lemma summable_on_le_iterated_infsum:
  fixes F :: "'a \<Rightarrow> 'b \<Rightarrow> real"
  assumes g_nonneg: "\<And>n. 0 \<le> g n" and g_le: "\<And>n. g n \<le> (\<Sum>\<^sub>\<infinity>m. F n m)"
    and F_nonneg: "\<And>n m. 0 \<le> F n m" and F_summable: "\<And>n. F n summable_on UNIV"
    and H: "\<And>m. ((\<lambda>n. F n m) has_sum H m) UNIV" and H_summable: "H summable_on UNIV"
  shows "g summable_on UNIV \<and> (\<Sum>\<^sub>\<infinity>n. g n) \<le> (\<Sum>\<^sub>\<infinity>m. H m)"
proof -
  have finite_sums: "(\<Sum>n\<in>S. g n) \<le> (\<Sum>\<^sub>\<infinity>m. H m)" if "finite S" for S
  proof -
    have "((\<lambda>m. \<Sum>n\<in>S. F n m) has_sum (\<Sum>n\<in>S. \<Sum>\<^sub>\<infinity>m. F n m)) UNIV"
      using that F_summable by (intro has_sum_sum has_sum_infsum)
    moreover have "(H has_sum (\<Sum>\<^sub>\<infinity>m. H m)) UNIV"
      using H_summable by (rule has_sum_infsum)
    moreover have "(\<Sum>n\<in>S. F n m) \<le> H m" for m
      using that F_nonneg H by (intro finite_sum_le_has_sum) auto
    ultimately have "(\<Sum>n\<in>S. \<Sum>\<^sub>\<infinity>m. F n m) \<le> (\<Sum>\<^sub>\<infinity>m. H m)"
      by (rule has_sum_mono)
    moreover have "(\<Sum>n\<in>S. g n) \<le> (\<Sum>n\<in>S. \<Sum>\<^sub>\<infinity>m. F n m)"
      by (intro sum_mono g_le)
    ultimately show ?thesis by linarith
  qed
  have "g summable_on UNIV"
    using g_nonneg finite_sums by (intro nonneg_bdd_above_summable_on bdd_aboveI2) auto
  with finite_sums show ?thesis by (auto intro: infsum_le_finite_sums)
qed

Exercise goal: Only these are to be transcribed: the line with "n m) \<le> H" and every line after it through the last line of the entries, each exactly.

Result of the exercise:
    moreover have "(\<Sum>n\<in>S. F n m) \<le> H m" for m
      using that F_nonneg H by (intro finite_sum_le_has_sum) auto
    ultimately have "(\<Sum>n\<in>S. \<Sum>\<^sub>\<infinity>m. F n m) \<le> (\<Sum>\<^sub>\<infinity>m. H m)"
      by (rule has_sum_mono)
    moreover have "(\<Sum>n\<in>S. g n) \<le> (\<Sum>n\<in>S. \<Sum>\<^sub>\<infinity>m. F n m)"
      by (intro sum_mono g_le)
    ultimately show ?thesis by linarith
  qed
  have "g summable_on UNIV"
    using g_nonneg finite_sums by (intro nonneg_bdd_above_summable_on bdd_aboveI2) auto
  with finite_sums show ?thesis by (auto intro: infsum_le_finite_sums)
qed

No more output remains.